→ AIM OF THE TASK
From the line that contains "by (rule sum_sq_inner_sign_perturbed_ge[OF" to the last line of the entries, write each line out exactly; include both ends and nothing else.

Stored data:
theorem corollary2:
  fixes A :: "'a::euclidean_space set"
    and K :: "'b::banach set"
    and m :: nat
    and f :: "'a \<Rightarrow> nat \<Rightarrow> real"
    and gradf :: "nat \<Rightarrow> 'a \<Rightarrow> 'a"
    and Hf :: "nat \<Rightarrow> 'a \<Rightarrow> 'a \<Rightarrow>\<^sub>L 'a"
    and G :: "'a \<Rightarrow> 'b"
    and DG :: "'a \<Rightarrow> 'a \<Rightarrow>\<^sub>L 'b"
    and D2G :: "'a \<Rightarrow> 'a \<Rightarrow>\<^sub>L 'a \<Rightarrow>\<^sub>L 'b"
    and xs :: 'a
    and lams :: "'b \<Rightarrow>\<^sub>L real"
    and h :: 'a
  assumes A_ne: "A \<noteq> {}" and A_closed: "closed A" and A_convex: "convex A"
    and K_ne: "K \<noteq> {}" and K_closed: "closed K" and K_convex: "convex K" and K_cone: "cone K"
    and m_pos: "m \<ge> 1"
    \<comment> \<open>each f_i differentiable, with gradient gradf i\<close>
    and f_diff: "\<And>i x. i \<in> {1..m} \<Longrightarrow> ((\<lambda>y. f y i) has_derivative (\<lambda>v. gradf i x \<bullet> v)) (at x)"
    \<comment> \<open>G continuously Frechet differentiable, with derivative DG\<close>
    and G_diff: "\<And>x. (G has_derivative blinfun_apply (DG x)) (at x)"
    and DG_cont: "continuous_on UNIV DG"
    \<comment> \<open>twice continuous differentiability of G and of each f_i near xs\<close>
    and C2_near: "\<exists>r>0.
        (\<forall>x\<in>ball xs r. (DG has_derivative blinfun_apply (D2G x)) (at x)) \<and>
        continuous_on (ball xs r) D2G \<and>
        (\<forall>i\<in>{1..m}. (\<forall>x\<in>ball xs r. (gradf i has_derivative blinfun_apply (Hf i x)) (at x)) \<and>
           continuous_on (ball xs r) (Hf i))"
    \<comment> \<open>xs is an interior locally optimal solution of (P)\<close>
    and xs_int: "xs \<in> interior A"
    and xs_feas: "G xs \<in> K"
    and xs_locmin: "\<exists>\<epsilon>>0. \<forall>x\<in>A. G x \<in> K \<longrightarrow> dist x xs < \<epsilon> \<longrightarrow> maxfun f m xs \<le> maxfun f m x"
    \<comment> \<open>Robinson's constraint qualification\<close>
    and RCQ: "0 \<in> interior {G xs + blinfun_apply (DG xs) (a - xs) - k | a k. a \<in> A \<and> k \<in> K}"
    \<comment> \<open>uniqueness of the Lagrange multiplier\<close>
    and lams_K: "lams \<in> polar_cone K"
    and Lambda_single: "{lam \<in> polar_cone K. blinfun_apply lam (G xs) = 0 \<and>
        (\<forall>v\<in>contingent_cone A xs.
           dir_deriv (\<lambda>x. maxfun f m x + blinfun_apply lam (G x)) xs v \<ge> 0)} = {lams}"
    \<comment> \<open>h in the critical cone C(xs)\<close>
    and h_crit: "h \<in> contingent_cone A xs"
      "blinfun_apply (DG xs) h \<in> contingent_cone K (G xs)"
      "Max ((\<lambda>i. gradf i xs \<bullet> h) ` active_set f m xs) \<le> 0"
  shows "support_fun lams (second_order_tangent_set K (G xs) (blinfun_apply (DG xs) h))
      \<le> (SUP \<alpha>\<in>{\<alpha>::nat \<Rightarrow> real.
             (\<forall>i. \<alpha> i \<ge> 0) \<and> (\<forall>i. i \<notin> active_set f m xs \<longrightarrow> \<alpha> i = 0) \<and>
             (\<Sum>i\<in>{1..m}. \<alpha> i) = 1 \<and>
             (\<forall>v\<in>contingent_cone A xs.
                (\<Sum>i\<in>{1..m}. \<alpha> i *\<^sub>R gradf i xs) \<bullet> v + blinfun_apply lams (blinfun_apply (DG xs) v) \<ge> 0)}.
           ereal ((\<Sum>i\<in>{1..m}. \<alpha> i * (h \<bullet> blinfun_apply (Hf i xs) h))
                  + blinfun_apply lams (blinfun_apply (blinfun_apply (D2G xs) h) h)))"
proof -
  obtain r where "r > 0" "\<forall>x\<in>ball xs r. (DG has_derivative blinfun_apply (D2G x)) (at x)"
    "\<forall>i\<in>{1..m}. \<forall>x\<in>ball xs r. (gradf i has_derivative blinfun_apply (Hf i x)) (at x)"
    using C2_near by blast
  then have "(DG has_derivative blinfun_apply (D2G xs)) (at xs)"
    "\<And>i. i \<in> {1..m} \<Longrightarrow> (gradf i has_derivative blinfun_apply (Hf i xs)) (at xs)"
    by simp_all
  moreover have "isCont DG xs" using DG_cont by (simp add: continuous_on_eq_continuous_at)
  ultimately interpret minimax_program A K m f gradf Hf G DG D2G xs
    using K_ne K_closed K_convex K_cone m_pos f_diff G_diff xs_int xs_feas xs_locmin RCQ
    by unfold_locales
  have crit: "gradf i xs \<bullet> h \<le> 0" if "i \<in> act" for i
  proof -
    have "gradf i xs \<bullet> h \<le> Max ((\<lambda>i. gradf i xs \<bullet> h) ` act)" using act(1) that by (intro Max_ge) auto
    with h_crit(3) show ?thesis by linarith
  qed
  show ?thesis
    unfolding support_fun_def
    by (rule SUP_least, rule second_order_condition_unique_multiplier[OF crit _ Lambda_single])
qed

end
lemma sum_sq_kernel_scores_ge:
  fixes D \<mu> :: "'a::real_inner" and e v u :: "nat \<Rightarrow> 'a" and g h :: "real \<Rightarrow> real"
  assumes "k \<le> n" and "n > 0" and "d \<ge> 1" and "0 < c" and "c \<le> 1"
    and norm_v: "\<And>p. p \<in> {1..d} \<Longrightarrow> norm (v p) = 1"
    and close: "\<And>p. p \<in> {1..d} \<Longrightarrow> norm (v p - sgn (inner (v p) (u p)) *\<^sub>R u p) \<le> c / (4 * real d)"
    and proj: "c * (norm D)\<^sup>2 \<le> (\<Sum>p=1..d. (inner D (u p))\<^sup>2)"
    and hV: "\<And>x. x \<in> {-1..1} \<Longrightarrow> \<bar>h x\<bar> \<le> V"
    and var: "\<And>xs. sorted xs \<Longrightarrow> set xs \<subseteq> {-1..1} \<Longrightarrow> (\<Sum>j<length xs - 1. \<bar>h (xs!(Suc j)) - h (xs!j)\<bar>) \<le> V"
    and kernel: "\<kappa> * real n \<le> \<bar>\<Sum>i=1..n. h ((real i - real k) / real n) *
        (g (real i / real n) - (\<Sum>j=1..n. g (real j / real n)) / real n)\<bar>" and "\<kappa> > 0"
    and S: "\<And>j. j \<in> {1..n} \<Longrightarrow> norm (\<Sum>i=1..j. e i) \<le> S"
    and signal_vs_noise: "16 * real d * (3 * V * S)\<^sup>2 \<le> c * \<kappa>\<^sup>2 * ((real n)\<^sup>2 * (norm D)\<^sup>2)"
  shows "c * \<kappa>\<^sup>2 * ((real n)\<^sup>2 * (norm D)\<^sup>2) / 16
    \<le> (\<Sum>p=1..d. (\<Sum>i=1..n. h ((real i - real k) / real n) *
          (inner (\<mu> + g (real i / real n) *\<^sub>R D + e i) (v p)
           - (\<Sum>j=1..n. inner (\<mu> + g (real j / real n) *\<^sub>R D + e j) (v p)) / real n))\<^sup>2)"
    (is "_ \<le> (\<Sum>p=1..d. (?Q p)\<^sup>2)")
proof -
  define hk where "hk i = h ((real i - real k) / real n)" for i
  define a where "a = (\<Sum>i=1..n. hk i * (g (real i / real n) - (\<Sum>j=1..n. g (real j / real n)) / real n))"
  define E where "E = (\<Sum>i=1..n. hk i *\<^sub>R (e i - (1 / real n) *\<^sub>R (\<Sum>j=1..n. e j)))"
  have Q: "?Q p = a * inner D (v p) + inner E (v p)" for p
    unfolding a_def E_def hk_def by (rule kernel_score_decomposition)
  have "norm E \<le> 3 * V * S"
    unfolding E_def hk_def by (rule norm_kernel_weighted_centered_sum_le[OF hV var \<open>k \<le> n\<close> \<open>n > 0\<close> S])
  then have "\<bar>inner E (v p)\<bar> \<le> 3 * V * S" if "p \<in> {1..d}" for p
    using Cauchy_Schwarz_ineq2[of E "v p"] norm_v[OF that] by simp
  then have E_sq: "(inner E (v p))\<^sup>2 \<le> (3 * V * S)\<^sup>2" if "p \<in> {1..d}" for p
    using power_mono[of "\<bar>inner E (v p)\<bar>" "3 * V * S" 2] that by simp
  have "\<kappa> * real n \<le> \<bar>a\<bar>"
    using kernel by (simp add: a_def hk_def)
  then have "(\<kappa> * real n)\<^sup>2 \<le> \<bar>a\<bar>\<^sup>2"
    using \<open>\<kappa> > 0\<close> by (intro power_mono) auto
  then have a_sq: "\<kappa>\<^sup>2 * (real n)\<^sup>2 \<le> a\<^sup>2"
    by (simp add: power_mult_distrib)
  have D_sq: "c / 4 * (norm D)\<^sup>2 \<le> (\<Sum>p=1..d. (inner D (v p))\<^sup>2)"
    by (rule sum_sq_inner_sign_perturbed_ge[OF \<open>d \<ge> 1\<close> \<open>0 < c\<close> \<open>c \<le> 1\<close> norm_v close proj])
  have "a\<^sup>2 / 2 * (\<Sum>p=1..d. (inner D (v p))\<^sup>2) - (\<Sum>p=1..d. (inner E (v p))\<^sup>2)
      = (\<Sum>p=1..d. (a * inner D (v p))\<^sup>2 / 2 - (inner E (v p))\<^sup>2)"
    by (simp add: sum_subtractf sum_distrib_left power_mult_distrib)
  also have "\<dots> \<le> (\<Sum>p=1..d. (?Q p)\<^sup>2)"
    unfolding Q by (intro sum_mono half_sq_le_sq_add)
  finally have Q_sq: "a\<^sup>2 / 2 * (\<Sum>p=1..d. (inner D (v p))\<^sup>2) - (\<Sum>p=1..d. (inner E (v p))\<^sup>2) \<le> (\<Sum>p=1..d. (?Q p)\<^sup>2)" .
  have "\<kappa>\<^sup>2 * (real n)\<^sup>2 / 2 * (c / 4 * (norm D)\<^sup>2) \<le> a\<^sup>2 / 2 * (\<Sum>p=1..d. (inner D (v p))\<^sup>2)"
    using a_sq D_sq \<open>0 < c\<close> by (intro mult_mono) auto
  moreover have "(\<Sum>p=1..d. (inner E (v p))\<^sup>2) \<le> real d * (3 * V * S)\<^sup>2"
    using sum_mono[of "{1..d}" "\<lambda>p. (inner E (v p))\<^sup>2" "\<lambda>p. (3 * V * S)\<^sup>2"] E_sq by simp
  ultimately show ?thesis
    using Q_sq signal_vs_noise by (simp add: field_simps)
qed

→ RESULT OF THIS EXERCISE
    by (rule sum_sq_inner_sign_perturbed_ge[OF \<open>d \<ge> 1\<close> \<open>0 < c\<close> \<open>c \<le> 1\<close> norm_v close proj])
  have "a\<^sup>2 / 2 * (\<Sum>p=1..d. (inner D (v p))\<^sup>2) - (\<Sum>p=1..d. (inner E (v p))\<^sup>2)
      = (\<Sum>p=1..d. (a * inner D (v p))\<^sup>2 / 2 - (inner E (v p))\<^sup>2)"
    by (simp add: sum_subtractf sum_distrib_left power_mult_distrib)
  also have "\<dots> \<le> (\<Sum>p=1..d. (?Q p)\<^sup>2)"
    unfolding Q by (intro sum_mono half_sq_le_sq_add)
  finally have Q_sq: "a\<^sup>2 / 2 * (\<Sum>p=1..d. (inner D (v p))\<^sup>2) - (\<Sum>p=1..d. (inner E (v p))\<^sup>2) \<le> (\<Sum>p=1..d. (?Q p)\<^sup>2)" .
  have "\<kappa>\<^sup>2 * (real n)\<^sup>2 / 2 * (c / 4 * (norm D)\<^sup>2) \<le> a\<^sup>2 / 2 * (\<Sum>p=1..d. (inner D (v p))\<^sup>2)"
    using a_sq D_sq \<open>0 < c\<close> by (intro mult_mono) auto
  moreover have "(\<Sum>p=1..d. (inner E (v p))\<^sup>2) \<le> real d * (3 * V * S)\<^sup>2"
    using sum_mono[of "{1..d}" "\<lambda>p. (inner E (v p))\<^sup>2" "\<lambda>p. (3 * V * S)\<^sup>2"] E_sq by simp
  ultimately show ?thesis
    using Q_sq signal_vs_noise by (simp add: field_simps)
qed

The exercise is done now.